● **Source data**

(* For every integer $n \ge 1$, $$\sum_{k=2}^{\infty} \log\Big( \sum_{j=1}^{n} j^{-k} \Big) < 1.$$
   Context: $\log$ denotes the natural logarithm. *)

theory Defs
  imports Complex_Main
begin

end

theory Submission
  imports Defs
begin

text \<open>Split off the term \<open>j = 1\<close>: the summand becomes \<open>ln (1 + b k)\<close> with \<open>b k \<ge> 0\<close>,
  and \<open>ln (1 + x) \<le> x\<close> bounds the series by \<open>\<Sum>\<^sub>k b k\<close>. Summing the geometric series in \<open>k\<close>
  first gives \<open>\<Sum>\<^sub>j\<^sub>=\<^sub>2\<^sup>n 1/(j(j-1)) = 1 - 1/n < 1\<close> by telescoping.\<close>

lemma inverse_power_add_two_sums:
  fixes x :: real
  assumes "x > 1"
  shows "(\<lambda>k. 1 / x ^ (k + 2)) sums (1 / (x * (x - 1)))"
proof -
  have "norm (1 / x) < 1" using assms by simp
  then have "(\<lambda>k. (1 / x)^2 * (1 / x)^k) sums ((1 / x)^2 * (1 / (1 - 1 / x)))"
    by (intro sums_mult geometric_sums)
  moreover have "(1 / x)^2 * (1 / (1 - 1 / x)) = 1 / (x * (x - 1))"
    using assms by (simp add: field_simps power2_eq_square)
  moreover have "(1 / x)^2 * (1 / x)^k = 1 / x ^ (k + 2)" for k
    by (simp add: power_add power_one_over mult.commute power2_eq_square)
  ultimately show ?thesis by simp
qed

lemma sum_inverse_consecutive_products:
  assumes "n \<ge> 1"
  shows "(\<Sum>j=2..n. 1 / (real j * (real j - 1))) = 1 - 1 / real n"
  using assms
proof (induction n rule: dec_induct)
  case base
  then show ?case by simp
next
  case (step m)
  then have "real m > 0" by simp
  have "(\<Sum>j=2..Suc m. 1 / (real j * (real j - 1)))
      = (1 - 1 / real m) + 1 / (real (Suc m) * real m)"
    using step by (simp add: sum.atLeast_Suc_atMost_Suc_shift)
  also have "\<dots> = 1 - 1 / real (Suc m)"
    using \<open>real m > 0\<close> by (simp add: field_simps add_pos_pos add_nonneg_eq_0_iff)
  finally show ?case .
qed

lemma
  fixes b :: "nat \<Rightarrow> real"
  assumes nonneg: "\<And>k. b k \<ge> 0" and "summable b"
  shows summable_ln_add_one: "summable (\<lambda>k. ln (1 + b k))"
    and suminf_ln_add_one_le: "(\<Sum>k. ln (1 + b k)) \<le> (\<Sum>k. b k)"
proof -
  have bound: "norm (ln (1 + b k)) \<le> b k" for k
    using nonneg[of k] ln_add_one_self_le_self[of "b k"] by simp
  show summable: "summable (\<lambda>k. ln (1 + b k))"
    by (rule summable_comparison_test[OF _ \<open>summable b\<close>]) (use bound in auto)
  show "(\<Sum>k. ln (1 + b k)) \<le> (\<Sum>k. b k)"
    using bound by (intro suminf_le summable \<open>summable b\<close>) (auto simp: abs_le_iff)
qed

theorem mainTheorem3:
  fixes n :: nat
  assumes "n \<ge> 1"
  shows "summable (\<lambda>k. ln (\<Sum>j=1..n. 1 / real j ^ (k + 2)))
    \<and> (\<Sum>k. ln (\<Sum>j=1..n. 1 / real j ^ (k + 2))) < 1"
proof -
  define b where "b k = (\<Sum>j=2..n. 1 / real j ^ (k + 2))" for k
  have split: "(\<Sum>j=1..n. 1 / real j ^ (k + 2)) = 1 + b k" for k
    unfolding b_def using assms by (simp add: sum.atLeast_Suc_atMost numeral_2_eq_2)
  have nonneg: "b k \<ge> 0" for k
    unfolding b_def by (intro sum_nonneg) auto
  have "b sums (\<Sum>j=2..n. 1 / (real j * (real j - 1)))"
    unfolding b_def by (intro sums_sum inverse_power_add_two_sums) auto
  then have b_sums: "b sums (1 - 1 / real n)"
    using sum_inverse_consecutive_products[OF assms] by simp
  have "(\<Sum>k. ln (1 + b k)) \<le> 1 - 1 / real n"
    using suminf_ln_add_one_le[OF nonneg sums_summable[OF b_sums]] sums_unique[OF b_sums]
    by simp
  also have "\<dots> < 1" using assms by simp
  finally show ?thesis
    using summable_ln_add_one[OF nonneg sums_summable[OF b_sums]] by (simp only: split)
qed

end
...
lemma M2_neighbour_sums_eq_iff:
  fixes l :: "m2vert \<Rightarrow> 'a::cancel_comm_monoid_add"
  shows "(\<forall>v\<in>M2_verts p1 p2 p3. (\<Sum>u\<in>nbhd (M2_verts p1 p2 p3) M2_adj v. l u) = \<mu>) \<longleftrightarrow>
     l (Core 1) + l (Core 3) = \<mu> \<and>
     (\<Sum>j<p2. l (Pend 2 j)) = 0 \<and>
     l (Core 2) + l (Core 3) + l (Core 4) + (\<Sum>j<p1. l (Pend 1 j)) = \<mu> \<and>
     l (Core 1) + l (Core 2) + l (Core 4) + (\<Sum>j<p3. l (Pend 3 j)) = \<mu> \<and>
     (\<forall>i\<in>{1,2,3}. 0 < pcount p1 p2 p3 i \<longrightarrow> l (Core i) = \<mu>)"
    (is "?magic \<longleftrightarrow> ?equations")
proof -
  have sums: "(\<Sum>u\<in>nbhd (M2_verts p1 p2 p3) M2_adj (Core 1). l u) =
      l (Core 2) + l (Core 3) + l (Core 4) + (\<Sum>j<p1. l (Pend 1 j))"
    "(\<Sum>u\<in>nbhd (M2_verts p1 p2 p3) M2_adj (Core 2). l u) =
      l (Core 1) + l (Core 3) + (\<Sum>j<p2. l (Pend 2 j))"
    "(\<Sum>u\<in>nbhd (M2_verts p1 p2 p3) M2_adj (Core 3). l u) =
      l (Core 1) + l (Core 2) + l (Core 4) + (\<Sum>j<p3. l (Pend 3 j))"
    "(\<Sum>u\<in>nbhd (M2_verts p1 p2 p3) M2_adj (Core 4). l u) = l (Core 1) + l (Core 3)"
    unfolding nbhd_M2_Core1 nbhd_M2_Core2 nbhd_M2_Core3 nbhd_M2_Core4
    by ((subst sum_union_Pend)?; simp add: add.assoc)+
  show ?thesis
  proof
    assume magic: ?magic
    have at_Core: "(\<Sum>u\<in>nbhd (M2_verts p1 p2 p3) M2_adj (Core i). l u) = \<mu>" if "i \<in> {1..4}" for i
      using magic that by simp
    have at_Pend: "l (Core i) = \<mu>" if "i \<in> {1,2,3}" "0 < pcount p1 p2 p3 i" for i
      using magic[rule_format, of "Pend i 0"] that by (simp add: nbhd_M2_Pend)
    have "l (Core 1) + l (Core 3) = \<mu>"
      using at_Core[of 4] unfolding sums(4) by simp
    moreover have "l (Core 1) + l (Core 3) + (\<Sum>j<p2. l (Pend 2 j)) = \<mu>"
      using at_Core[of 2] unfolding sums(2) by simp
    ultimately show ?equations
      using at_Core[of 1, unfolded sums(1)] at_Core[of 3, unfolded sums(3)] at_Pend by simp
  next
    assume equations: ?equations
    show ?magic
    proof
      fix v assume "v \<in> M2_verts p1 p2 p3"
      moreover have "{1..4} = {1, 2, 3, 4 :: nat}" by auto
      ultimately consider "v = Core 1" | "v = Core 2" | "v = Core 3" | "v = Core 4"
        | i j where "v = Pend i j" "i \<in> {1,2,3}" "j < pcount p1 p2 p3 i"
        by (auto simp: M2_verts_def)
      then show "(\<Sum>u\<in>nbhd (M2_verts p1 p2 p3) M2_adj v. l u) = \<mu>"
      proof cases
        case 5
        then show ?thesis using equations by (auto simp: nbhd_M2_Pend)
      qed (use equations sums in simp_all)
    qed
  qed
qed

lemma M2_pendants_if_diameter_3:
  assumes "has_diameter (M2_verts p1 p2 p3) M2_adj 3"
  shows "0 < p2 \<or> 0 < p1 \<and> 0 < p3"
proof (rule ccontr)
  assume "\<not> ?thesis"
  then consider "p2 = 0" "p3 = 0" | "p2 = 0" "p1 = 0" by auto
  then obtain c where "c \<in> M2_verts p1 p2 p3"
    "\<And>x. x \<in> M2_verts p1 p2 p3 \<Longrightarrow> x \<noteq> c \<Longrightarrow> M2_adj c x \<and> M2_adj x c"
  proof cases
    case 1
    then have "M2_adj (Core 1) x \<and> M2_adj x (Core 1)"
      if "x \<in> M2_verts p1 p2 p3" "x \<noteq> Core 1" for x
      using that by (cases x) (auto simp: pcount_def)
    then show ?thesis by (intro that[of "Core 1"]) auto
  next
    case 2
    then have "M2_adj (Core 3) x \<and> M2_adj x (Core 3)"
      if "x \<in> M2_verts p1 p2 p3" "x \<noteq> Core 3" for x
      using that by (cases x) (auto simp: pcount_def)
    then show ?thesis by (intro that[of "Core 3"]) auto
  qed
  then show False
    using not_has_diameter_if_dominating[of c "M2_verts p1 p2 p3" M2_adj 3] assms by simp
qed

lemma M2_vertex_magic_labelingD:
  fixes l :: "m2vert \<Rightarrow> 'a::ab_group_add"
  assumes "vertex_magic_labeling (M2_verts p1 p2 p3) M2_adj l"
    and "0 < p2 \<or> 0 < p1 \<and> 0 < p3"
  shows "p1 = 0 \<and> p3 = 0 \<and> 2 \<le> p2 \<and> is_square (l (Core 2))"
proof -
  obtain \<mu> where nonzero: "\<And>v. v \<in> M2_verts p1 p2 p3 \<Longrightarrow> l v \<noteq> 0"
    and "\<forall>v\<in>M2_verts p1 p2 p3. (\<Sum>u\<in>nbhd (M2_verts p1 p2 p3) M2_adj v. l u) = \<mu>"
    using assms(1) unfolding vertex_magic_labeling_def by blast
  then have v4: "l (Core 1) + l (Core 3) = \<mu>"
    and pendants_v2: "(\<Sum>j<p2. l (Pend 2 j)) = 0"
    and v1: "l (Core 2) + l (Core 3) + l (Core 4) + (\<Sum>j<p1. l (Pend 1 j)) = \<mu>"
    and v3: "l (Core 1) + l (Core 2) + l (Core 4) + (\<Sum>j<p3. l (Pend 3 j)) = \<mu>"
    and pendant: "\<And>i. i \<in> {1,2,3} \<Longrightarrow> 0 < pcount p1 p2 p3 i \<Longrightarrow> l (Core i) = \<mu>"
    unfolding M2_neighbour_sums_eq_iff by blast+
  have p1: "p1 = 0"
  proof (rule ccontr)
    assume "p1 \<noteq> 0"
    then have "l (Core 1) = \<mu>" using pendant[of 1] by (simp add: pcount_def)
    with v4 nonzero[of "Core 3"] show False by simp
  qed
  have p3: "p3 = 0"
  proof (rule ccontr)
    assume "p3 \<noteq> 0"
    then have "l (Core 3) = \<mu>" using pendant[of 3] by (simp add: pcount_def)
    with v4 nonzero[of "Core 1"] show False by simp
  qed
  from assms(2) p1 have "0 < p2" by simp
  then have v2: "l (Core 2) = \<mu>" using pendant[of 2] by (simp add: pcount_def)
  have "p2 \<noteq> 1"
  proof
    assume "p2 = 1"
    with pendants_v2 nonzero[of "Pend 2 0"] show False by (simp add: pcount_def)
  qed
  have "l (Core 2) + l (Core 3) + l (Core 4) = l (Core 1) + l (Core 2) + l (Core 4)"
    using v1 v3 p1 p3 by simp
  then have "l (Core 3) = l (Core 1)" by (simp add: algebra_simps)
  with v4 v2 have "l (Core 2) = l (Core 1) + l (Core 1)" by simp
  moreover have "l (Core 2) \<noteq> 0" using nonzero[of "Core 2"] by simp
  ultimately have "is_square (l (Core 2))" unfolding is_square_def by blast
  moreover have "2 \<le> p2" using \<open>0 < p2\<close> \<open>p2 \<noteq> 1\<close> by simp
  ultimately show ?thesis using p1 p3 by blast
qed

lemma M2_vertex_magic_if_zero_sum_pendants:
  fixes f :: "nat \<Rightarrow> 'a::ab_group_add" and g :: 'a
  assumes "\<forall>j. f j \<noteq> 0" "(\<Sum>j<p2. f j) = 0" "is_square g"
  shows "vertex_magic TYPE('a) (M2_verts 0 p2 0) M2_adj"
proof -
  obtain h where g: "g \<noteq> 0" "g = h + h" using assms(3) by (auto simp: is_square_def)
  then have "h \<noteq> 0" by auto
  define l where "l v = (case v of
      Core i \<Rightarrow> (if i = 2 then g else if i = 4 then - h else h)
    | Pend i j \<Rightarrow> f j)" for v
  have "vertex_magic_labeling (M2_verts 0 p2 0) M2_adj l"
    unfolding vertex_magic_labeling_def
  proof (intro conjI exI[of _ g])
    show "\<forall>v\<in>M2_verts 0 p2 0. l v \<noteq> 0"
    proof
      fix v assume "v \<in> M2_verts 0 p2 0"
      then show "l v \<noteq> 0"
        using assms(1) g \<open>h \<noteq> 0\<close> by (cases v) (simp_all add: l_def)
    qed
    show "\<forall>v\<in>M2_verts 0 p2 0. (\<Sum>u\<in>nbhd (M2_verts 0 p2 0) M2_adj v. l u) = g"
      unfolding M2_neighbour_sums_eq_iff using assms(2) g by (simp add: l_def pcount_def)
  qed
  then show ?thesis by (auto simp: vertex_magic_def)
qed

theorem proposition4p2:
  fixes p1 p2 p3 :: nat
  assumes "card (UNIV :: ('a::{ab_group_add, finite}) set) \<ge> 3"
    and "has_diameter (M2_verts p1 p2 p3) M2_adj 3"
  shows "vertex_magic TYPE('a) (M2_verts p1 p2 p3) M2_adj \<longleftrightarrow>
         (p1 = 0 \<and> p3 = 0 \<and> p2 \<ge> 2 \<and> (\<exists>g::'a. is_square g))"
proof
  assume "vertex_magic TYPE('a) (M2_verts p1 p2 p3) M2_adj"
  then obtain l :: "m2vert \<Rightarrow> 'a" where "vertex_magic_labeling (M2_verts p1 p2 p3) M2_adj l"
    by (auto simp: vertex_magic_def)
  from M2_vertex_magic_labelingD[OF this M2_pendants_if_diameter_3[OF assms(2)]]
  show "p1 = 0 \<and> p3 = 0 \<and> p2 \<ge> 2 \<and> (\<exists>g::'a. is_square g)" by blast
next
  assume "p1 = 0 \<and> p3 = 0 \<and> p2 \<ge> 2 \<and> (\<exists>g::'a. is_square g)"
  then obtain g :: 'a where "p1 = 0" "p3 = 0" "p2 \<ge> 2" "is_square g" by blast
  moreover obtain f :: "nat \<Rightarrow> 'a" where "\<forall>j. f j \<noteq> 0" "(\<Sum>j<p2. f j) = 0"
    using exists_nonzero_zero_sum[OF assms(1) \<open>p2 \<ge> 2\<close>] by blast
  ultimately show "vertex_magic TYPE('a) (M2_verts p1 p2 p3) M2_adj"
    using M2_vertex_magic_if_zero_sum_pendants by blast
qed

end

● **Directions for this task**
Take the listing above and repeat exactly the lines from the one containing "1 / real (Suc" through the one containing "(\<lambda>k. ln (\<Sum>j=1..n.", both included.

● **Result**
  also have "\<dots> = 1 - 1 / real (Suc m)"
    using \<open>real m > 0\<close> by (simp add: field_simps add_pos_pos add_nonneg_eq_0_iff)
  finally show ?case .
qed

lemma
  fixes b :: "nat \<Rightarrow> real"
  assumes nonneg: "\<And>k. b k \<ge> 0" and "summable b"
  shows summable_ln_add_one: "summable (\<lambda>k. ln (1 + b k))"
    and suminf_ln_add_one_le: "(\<Sum>k. ln (1 + b k)) \<le> (\<Sum>k. b k)"
proof -
  have bound: "norm (ln (1 + b k)) \<le> b k" for k
    using nonneg[of k] ln_add_one_self_le_self[of "b k"] by simp
  show summable: "summable (\<lambda>k. ln (1 + b k))"
    by (rule summable_comparison_test[OF _ \<open>summable b\<close>]) (use bound in auto)
  show "(\<Sum>k. ln (1 + b k)) \<le> (\<Sum>k. b k)"
    using bound by (intro suminf_le summable \<open>summable b\<close>) (auto simp: abs_le_iff)
qed

theorem mainTheorem3:
  fixes n :: nat
  assumes "n \<ge> 1"
  shows "summable (\<lambda>k. ln (\<Sum>j=1..n. 1 / real j ^ (k + 2)))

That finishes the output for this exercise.